▸ **What to do**
Below are the records; tally the lines that include "such" and report only the total.

---- Data for this task

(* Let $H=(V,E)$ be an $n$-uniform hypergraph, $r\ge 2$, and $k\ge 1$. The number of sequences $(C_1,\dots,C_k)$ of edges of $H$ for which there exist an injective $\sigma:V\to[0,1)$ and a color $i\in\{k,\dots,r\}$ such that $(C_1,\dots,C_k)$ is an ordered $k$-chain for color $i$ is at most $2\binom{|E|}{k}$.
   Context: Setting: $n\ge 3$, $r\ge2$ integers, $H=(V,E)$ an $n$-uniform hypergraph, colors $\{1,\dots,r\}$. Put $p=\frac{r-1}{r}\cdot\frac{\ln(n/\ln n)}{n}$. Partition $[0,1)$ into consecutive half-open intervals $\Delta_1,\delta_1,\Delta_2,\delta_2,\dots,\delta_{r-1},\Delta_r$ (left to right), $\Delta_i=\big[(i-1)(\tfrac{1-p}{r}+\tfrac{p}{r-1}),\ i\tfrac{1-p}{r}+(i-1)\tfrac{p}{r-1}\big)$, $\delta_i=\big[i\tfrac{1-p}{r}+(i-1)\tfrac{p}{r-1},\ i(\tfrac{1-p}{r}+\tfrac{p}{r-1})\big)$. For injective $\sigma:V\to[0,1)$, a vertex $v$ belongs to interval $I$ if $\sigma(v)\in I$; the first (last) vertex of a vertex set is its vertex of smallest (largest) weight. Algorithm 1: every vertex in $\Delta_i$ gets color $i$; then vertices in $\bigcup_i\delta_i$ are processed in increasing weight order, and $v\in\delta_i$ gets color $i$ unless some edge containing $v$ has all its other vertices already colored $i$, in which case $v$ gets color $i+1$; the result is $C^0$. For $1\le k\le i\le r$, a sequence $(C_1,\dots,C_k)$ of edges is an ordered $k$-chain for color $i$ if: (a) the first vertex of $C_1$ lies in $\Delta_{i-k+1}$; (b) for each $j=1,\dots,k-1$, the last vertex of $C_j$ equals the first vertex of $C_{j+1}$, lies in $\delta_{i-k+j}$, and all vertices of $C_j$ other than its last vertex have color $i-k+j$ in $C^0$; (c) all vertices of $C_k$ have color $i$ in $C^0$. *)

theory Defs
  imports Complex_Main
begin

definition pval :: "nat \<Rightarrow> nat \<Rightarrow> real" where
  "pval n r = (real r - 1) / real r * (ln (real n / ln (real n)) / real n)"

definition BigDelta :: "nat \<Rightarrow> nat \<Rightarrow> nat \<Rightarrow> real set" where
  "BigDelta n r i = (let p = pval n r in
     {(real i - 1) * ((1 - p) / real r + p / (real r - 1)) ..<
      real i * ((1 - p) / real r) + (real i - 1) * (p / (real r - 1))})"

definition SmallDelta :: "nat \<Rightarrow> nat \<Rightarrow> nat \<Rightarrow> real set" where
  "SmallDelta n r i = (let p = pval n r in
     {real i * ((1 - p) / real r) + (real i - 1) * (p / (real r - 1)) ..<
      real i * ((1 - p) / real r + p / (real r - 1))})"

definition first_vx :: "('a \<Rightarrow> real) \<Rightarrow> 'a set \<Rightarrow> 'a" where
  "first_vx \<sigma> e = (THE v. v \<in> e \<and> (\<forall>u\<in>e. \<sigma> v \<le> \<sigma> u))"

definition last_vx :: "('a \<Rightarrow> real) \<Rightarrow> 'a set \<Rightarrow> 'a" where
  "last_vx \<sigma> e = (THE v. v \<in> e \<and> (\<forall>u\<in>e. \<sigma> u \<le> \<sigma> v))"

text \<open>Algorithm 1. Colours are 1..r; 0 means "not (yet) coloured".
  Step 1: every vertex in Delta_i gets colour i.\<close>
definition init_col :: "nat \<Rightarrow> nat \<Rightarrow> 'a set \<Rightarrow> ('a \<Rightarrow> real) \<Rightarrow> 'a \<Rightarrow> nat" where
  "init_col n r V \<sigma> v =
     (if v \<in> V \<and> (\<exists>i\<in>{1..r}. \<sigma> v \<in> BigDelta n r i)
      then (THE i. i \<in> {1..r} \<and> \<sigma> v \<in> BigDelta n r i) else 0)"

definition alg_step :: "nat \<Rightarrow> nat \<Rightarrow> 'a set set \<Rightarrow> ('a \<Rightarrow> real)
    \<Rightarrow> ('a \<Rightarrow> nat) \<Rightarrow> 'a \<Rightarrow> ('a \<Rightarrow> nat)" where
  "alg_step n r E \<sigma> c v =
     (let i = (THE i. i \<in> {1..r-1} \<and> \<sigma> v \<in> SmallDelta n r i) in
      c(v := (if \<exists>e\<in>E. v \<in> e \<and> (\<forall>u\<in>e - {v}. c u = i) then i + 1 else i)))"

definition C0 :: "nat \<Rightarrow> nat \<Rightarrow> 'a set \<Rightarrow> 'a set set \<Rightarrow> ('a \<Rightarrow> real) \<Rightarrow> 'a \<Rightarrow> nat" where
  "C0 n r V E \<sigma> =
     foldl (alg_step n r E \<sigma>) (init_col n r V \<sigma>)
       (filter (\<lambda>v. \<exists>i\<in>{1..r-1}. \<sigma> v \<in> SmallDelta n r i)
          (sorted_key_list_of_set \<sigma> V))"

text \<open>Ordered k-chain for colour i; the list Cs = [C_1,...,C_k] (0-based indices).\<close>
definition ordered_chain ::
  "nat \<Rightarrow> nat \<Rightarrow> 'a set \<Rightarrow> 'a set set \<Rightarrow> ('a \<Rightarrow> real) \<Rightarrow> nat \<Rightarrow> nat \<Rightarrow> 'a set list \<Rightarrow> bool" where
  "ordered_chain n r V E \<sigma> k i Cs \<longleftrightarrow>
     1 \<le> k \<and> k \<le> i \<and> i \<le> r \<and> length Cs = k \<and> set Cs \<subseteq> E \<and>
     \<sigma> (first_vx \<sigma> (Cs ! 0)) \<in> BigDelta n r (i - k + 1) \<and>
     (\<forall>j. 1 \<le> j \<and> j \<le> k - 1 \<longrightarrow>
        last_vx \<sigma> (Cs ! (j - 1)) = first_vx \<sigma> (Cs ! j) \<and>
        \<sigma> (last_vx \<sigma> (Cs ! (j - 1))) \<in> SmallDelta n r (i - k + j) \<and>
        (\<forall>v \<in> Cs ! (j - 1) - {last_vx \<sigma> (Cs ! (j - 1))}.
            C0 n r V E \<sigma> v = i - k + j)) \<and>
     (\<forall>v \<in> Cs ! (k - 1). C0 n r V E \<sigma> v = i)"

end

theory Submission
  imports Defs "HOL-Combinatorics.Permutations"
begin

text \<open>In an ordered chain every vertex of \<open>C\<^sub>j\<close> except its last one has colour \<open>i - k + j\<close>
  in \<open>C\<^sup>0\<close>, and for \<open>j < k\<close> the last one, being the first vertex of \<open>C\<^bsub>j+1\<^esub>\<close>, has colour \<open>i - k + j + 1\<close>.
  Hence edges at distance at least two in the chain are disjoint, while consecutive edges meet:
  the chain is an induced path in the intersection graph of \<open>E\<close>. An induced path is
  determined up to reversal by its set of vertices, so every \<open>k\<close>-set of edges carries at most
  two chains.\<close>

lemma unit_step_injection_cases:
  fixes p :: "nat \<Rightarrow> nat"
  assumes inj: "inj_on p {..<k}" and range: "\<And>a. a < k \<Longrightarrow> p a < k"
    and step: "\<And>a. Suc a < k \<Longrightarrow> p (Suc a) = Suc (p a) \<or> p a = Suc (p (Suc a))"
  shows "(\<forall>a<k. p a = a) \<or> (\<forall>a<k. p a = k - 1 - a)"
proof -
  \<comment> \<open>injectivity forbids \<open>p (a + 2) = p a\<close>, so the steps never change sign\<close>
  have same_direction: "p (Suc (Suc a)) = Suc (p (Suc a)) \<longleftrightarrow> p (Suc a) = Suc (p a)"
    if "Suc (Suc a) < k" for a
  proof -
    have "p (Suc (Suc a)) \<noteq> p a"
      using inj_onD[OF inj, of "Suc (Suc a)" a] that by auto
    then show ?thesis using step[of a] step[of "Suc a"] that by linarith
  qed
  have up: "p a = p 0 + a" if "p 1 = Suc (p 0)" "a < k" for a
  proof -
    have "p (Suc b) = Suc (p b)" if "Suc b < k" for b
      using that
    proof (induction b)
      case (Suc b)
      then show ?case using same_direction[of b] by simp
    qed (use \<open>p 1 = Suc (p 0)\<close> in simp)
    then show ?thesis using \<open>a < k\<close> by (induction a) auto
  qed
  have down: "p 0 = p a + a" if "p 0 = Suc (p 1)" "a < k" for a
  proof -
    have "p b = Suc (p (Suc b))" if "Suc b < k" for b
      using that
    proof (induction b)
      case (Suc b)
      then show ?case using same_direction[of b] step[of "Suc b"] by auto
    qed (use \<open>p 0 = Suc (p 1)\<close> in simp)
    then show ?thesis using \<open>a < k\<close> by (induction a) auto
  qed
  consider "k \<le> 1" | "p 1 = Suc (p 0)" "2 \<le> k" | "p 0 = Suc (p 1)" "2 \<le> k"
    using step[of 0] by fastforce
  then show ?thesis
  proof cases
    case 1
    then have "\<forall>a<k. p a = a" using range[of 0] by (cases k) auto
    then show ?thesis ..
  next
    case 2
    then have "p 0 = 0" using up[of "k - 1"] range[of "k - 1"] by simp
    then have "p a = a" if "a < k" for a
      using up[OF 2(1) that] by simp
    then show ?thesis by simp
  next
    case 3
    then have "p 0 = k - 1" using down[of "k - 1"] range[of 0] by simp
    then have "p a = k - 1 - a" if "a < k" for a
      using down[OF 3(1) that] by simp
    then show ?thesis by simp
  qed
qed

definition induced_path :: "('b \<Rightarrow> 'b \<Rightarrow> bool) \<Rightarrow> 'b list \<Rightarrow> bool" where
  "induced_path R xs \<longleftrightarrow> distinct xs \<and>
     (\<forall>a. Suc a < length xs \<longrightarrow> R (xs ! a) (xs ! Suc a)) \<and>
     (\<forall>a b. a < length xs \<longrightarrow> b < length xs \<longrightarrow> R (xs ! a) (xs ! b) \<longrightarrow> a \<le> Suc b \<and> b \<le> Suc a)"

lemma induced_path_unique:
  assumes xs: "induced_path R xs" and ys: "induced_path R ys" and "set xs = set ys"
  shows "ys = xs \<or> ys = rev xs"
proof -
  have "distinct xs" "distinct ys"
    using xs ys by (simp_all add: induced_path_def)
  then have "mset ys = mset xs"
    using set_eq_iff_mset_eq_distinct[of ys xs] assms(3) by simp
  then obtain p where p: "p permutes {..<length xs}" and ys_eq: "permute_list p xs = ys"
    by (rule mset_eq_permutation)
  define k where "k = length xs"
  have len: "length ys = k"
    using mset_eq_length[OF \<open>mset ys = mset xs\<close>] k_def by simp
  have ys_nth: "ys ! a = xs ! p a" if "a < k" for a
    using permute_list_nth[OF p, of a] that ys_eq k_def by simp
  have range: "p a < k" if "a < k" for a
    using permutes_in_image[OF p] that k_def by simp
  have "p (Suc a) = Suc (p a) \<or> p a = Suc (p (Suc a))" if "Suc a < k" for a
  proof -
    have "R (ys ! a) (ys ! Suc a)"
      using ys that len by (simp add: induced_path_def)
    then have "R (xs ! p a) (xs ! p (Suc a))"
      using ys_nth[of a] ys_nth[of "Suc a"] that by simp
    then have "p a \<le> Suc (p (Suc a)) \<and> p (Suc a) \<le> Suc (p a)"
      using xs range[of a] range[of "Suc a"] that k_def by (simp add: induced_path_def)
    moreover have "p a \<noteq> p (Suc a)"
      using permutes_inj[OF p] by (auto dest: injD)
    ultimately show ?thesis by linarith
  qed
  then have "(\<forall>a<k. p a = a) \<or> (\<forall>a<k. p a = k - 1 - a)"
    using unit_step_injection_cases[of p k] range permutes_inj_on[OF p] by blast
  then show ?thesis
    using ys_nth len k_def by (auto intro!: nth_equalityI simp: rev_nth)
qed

--------
---- Data for this task

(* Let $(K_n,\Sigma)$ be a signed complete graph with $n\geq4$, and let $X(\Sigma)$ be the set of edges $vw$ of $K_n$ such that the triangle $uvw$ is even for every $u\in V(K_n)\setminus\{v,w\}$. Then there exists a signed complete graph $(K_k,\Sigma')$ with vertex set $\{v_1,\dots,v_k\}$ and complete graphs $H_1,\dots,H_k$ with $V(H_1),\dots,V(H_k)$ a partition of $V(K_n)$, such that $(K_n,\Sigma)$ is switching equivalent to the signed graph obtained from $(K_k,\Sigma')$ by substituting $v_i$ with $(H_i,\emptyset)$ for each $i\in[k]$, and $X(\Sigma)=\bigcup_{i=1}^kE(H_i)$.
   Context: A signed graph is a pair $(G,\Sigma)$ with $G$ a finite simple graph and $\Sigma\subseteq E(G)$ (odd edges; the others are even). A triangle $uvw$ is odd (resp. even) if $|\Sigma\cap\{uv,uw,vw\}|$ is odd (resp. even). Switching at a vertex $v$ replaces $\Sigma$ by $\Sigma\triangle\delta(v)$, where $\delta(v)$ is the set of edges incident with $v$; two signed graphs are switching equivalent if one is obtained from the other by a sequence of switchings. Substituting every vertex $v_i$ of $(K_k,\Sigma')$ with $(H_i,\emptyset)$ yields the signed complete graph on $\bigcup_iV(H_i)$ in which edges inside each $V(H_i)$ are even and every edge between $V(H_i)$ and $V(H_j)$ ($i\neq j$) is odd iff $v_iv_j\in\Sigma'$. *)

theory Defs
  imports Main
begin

--------

▸ **Your response**
2